Re: Future ARMY WIFE Needing Help!

  • aragx6aragx6 member
    2500 Comments 5 Love Its Combo Breaker
    I've never heard of an engagement announcement. Is this something commonly done in your family? Most people don't select a date the moment they're engaged anyway.
    Lizzie
  • edited June 2012
    Hi, and welcome to the boards!
    Congratulations on your engagement.
    This is an international board, and keep in mind that unless you're military, many people don't know what military acronyms are ;) PCS is one of those terms.. hehee

    There is a military brides board, but they are going to tell you a couple of things (they are a bunch of really great ladies over there. Definitely worth popping over and saying hi!) 

    Dates change, as you have just discovered. 
    CONSTANTLY (I would also suggest for OPSEC reasons to take down the month you have put up... I would say "spring 2013" ) It is incredibly risky to start planning a wedding and putting money down when you don't know when he'll be back for sure, and you don't know when he'll be required to move for sure. 
    I suggest you go ahead and put off the wedidng until he gets back and you two have that stuff figured out. The military will not adjust it's schedule to meet your needs, as I'm sure you know, and it can be reeeally stressful to deal with all the "if"s and "maybe"s for planning a wedding. It's stressful enough as is.. 

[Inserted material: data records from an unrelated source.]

lemma torsion_fun_energy_identity:
  fixes \<Omega> :: "'a::euclidean_space set"
  assumes "\<Omega> \<in> lmeasurable" and "torsion_fun \<Omega> v G"
  shows "(\<integral>x. (norm (G x))\<^sup>2 \<partial>lebesgue_on \<Omega>) = (\<integral>x. v x \<partial>lebesgue_on \<Omega>)"
proof -
  let ?N = "lebesgue_on \<Omega>"
  have \<Omega>: "\<Omega> \<in> sets lebesgue" using assms(1) by (rule fmeasurableD)
  have H: "H01 \<Omega> v G"
    and weak: "\<And>\<phi>. test_fun \<Omega> \<phi> \<Longrightarrow> (\<integral>x. G x \<bullet> grad \<phi> x \<partial>?N) = (\<integral>x. \<phi> x \<partial>?N)"
    using assms(2) \<Omega> by (auto simp: torsion_fun_def set_integral_eq_integral_lebesgue_on)
  note vG[measurable] = H01_lebesgue_on[OF H \<Omega>]
  obtain \<phi> :: "nat \<Rightarrow> 'a \<Rightarrow> real" where test: "\<And>n. test_fun \<Omega> (\<phi> n)"
    and L2_fun: "(\<lambda>n. \<integral>x. (\<phi> n x - v x)\<^sup>2 \<partial>?N) \<longlonglongrightarrow> 0"
    and L2_grad: "(\<lambda>n. \<integral>x. (norm (grad (\<phi> n) x - G x))\<^sup>2 \<partial>?N) \<longlonglongrightarrow> 0"
    using H \<Omega> unfolding H01_def by (auto simp: set_integral_eq_integral_lebesgue_on)
  note \<phi>[measurable] = square_integrable_lebesgue_on_if_bounded_continuous
      [OF test_fun_continuous_bounded(1,2)[OF test] assms(1)]
  note grad_\<phi>[measurable] = square_integrable_lebesgue_on_if_bounded_continuous
      [OF test_fun_continuous_bounded(3,4)[OF test] assms(1)]
  have one: "integrable ?N (\<lambda>x. (norm (1::real))\<^sup>2)"
    using finite_measure_lebesgue_on[OF assms(1)] by (simp add: finite_measure.integrable_const)
  have "(\<lambda>n. \<integral>x. 1 \<bullet> \<phi> n x \<partial>?N) \<longlonglongrightarrow> (\<integral>x. 1 \<bullet> v x \<partial>?N)"
    by (rule tendsto_integral_inner_if_L2_convergent[OF _ _ _ one])
       (use vG \<phi> L2_fun in auto)
  then have "(\<lambda>n. \<integral>x. \<phi> n x \<partial>?N) \<longlonglongrightarrow> (\<integral>x. v x \<partial>?N)" by simp
  moreover have "(\<lambda>n. \<integral>x. G x \<bullet> grad (\<phi> n) x \<partial>?N) \<longlonglongrightarrow> (\<integral>x. G x \<bullet> G x \<partial>?N)"
    by (rule tendsto_integral_inner_if_L2_convergent) (use vG grad_\<phi> L2_grad in auto)
  ultimately have "(\<lambda>n. \<integral>x. \<phi> n x \<partial>?N) \<longlonglongrightarrow> (\<integral>x. (norm (G x))\<^sup>2 \<partial>?N)"
    by (simp add: weak[OF test] power2_norm_eq_inner)
  with \<open>(\<lambda>n. \<integral>x. \<phi> n x \<partial>?N) \<longlonglongrightarrow> (\<integral>x. v x \<partial>?N)\<close> show ?thesis
    by (rule LIMSEQ_unique[rotated])
qed

lemma integral_square_lebesgue_on_pos:
  fixes u :: "'a::euclidean_space \<Rightarrow> real"
  assumes "\<Omega> \<in> sets lebesgue" and "integrable (lebesgue_on \<Omega>) (\<lambda>x. (u x)\<^sup>2)"
    and "\<not> (AE x in lebesgue. x \<in> \<Omega> \<longrightarrow> u x = 0)"
  shows "0 < (\<integral>x. (u x)\<^sup>2 \<partial>lebesgue_on \<Omega>)"
proof -
  have "\<not> (AE x in lebesgue_on \<Omega>. (u x)\<^sup>2 = 0)"
    using assms(1,3) by (simp add: AE_restrict_space_iff)
  then have "(\<integral>x. (u x)\<^sup>2 \<partial>lebesgue_on \<Omega>) \<noteq> 0"
    using integral_nonneg_eq_0_iff_AE[OF assms(2)] by simp
  moreover have "0 \<le> (\<integral>x. (u x)\<^sup>2 \<partial>lebesgue_on \<Omega>)" by (rule integral_nonneg_AE) simp
  ultimately show ?thesis by linarith
qed

lemma lambda1_le_Rayleigh_quotient:
  assumes "H01 \<Omega> u G" and "\<not> (AE x in lebesgue. x \<in> \<Omega> \<longrightarrow> u x = 0)"
  shows "0 \<le> lambda1 \<Omega>"
    and "lambda1 \<Omega> \<le> (LINT x:\<Omega>|lebesgue. (norm (G x))\<^sup>2) / (LINT x:\<Omega>|lebesgue. (u x)\<^sup>2)"
proof -
  define R where "R = {(LINT x:\<Omega>|lebesgue. (norm (G x))\<^sup>2) / (LINT x:\<Omega>|lebesgue. (u x)\<^sup>2) | u G.
      H01 \<Omega> u G \<and> \<not> (AE x in lebesgue. x \<in> \<Omega> \<longrightarrow> u x = 0)}"
  have quotient: "(LINT x:\<Omega>|lebesgue. (norm (G x))\<^sup>2) / (LINT x:\<Omega>|lebesgue. (u x)\<^sup>2) \<in> R"
    unfolding R_def using assms by blast
  have nonneg: "0 \<le> r" if "r \<in> R" for r
    using that unfolding R_def set_lebesgue_integral_def
    by (auto intro!: divide_nonneg_nonneg integral_nonneg_AE)
  show "0 \<le> lambda1 \<Omega>"
    unfolding lambda1_def R_def[symmetric] using quotient nonneg by (intro cInf_greatest) auto
  show "lambda1 \<Omega> \<le> (LINT x:\<Omega>|lebesgue. (norm (G x))\<^sup>2) / (LINT x:\<Omega>|lebesgue. (u x)\<^sup>2)"
    unfolding lambda1_def R_def[symmetric] using quotient nonneg
    by (intro cInf_lower) (auto simp: bdd_below_def)
qed

lemma torsion_fun_lambda1_mul_integral_square_le:
  fixes \<Omega> :: "'a::euclidean_space set"
  assumes "\<Omega> \<in> lmeasurable" and "torsion_fun \<Omega> v G"
    and "\<not> (AE x in lebesgue. x \<in> \<Omega> \<longrightarrow> v x = 0)"
  shows "lambda1 \<Omega> * (\<integral>x. (v x)\<^sup>2 \<partial>lebesgue_on \<Omega>) \<le> (\<integral>x. \<bar>v x\<bar> \<partial>lebesgue_on \<Omega>)"
proof -
  let ?N = "lebesgue_on \<Omega>"
  have \<Omega>: "\<Omega> \<in> sets lebesgue" using assms(1) by (rule fmeasurableD)
  have H: "H01 \<Omega> v G" using assms(2) by (simp add: torsion_fun_def)
  note vG[measurable] = H01_lebesgue_on[OF H \<Omega>]
  have v: "integrable ?N v"
    by (rule finite_measure.square_integrable_imp_integrable[OF finite_measure_lebesgue_on[OF assms(1)]])
       (use vG in auto)
  have pos: "0 < (\<integral>x. (v x)\<^sup>2 \<partial>?N)"
    by (rule integral_square_lebesgue_on_pos[OF \<Omega> vG(3) assms(3)])
  have "lambda1 \<Omega> \<le> (\<integral>x. (norm (G x))\<^sup>2 \<partial>?N) / (\<integral>x. (v x)\<^sup>2 \<partial>?N)"
    using lambda1_le_Rayleigh_quotient(2)[OF H assms(3)] by (simp add: set_integral_eq_integral_lebesgue_on[OF \<Omega>])
  then have "lambda1 \<Omega> * (\<integral>x. (v x)\<^sup>2 \<partial>?N) \<le> (\<integral>x. (norm (G x))\<^sup>2 \<partial>?N)"
    using pos by (simp add: le_divide_eq)
  also have "\<dots> = (\<integral>x. v x \<partial>?N)" by (rule torsion_fun_energy_identity[OF assms(1,2)])
  also have "\<dots> \<le> (\<integral>x. \<bar>v x\<bar> \<partial>?N)" using v by (intro integral_mono) auto
  finally show ?thesis .
qed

    For this reason, we made made sure to plan our wedding MONTHS past his return from deployment. (My H is Navy :o) ) 
    I know that can be frustrating, but you can pick basics like your BMs, colors, style, etc without picking exact vendors. 

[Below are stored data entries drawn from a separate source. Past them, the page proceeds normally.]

lemma wf_coh: "wf_cgap \<Pi> \<Longrightarrow> \<forall>r\<in>coh \<Pi> I. wf_rule r"
  using wf_ground_rules wf_choice_rule unfolding coh_def by auto

section \<open>The least model of the induced GAP\<close>

definition chosen_head :: "('p, 'e, 'v) cgap \<Rightarrow> ('v \<Rightarrow> nat) \<Rightarrow> 'v \<Rightarrow> 'p" where
  "chosen_head \<Pi> S v = vc_heads (vc_rule \<Pi>) ! (S v - 1)"

definition chosen_body :: "('p, 'e, 'v) cgap \<Rightarrow> ('v \<Rightarrow> nat) \<Rightarrow> 'v \<Rightarrow> 'p" where
  "chosen_body \<Pi> S v = vc_body (vc_rule \<Pi>) ! (S v - 1)"

lemma induced_eq:
  "induced \<Pi> S = ground_rules \<Pi> \<union> {choice_rule v (chosen_body \<Pi> S v) (chosen_head \<Pi> S v) | v. True}"
  unfolding induced_def chosen_head_def chosen_body_def by simp

text \<open>Actions are numbered from 1, so S v - 1 is a valid VC-rule position.\<close>
lemma state_index_bound:
  assumes "is_state \<Pi> S"
  shows "S v - 1 < length (vc_heads (vc_rule \<Pi>))"
proof -
  have "S v \<in> {1..vc_size \<Pi>}" using assms by (simp add: is_state_def)
  then show ?thesis by (auto simp: vc_size_def)
qed

definition vc_trim :: "('p, 'e, 'v) cgap \<Rightarrow> ('v \<Rightarrow> nat) \<Rightarrow> ('p, 'e, 'v) interp \<Rightarrow> ('p, 'e, 'v) interp" where
  "vc_trim \<Pi> S M A = (case A of
     VAt q v \<Rightarrow> if q \<in> set (vc_heads (vc_rule \<Pi>))
               then (if q = chosen_head \<Pi> S v then M (VAt (chosen_body \<Pi> S v) v) else 0)
               else M A
   | _ \<Rightarrow> M A)"

text \<open>In a model of the induced GAP the chosen body value is at most the
  chosen head value, so trimming can only lower the interpretation.\<close>
lemma vc_trim_below:
  assumes "gap_model (induced \<Pi> S) M"
  shows "vc_trim \<Pi> S M \<le> M"
proof -
  have M: "is_interp M" using assms by (simp add: gap_model_def)
  have chosen: "M (VAt (chosen_body \<Pi> S v) v) \<le> M (VAt (chosen_head \<Pi> S v) v)" for v
    using assms sat_choice_rule[OF M] unfolding gap_model_def induced_eq by blast
  show ?thesis
    unfolding le_fun_def
  proof
    fix A show "vc_trim \<Pi> S M A \<le> M A"
      using chosen M by (cases A) (auto simp: vc_trim_def is_interp_def)
  qed
qed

    As far as engagement announcements, they are totally not necessary. We didn't do them. Save the Dates are awesome, once you HAVE a date, but if you really want to send an announcement, just say something along the lines of, "we're engaged to be married whenever the military allows us! ;) " or something silly. 

    GL OP! 
  • Congratulations!
    I'm not involved in military and neither is my FI but we are doing engagement announcements (eventually, lol)

    My cousin's FI (now H) was in the Navy and they literally could not set thier date or choose vendors until 4 weeks before because of how short the notice was. He was only home on leave for a week so they needed to act quickly. It still worked out and I'm sure yours will too.

    Like PP said, you can still choose colors, bridal party, wedding dress, flowers, etc. just don't book any actual vendors until you're sure.
  • Hello, I am in an awesome situation where I am the ARMY soldier bride, getting married to a civilian male. I love civilians, lol, especially the FI. As to your predicament, for an engagement announcement. Feel free to just announce that you and he are engaged to be wed and the date is to be announced. Very informal, just to get the word out there. Even if you announce it to a newspaper or a magazine, they do not require you to have the date at hand. No one will expect you to. As for the wedding itself, I know things can be unpredictable as far as deployments dates go (mine happened to be canceled a month before we were supposed to go!), but GENERALLY the ARMY is decent about keeping the return dates. If there is news about them returning EARLY, it is a good idea to disregard and stick with the original plan. Rumors spread like wildfire when you're over there. He's more likely to return when the original return time was set. Don't worry about a date for engagement announcements and don't get too excited about him coming home early until it is closer to time. I promise, you'll save yourself a lot of heartbreak and disappointment that way. If he comes home early, it's a plus. If he gets home on time, it's not the end of the world that way.